lemma sequiv_of_sequiv_sdsum_zero:
  fixes A' B' :: "'a::field smat"
  assumes r: "r1 \<le> m" "r2 \<le> n" "r3 \<le> q"
    and rank: "srank m n q (sdsum_zero r1 r2 r3 A') = (r1, r2, r3)"
    and equiv: "sequiv m n q (sdsum_zero r1 r2 r3 A') (sdsum_zero r1 r2 r3 B')"
  shows "sequiv r1 r2 r3 A' B'"
proof -
  obtain R S T where R: "R \<in> carrier_mat m m" "invertible_mat R"
    and S: "S \<in> carrier_mat n n" "invertible_mat S"
    and T: "T \<in> carrier_mat q q" "invertible_mat T"
    and eq: "box_eq m n q (sdsum_zero r1 r2 r3 B') (smat_transform m n q (sdsum_zero r1 r2 r3 A') R S T)"
    using equiv unfolding sequiv_iff_box_eq by blast
  note blocks = sdsum_zero_transform_zero_upper_right_blocks[OF r R S T rank eq]
  have "B' i' j' k' = smat_transform r1 r2 r3 A'
      (upper_left_block r1 R) (upper_left_block r2 S) (upper_left_block r3 T) i' j' k'"
    if i': "i' < r1" "j' < r2" "k' < r3" for i' j' k'
  proof -
    have "B' i' j' k' = sdsum_zero r1 r2 r3 B' i' j' k'"
      using i' by (simp add: sdsum_zero_def)
    also have "\<dots> = smat_transform m n q (sdsum_zero r1 r2 r3 A') R S T i' j' k'"
      using eq r i' by (simp add: box_eq_def)
    also have "\<dots> = (\<Sum>i<r1. \<Sum>j<r2. \<Sum>k<r3. A' i j k * R $$ (i, i') * S $$ (j, j') * T $$ (k, k'))"
      by (rule smat_transform_sdsum_zero[OF r])
    also have "\<dots> = smat_transform r1 r2 r3 A'
        (upper_left_block r1 R) (upper_left_block r2 S) (upper_left_block r3 T) i' j' k'"
      using i' by (simp add: smat_transform_apply upper_left_block_def)
    finally show ?thesis .
  qed
  moreover have "upper_left_block r1 R \<in> carrier_mat r1 r1" "upper_left_block r2 S \<in> carrier_mat r2 r2"
    "upper_left_block r3 T \<in> carrier_mat r3 r3"
    by (simp_all add: upper_left_block_def)
  moreover have "invertible_mat (upper_left_block r1 R)" "invertible_mat (upper_left_block r2 S)"
    "invertible_mat (upper_left_block r3 T)"
    using invertible_upper_left_block R S T r blocks by blast+
  ultimately show ?thesis
    unfolding sequiv_iff_box_eq box_eq_def by blast
qed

────

▶ **Problem details**: Using the records above, filter out every line that lacks the string "thesis" and copy the rest.

▶ **Result for this exercise**:
    finally show ?thesis .
  ultimately show ?thesis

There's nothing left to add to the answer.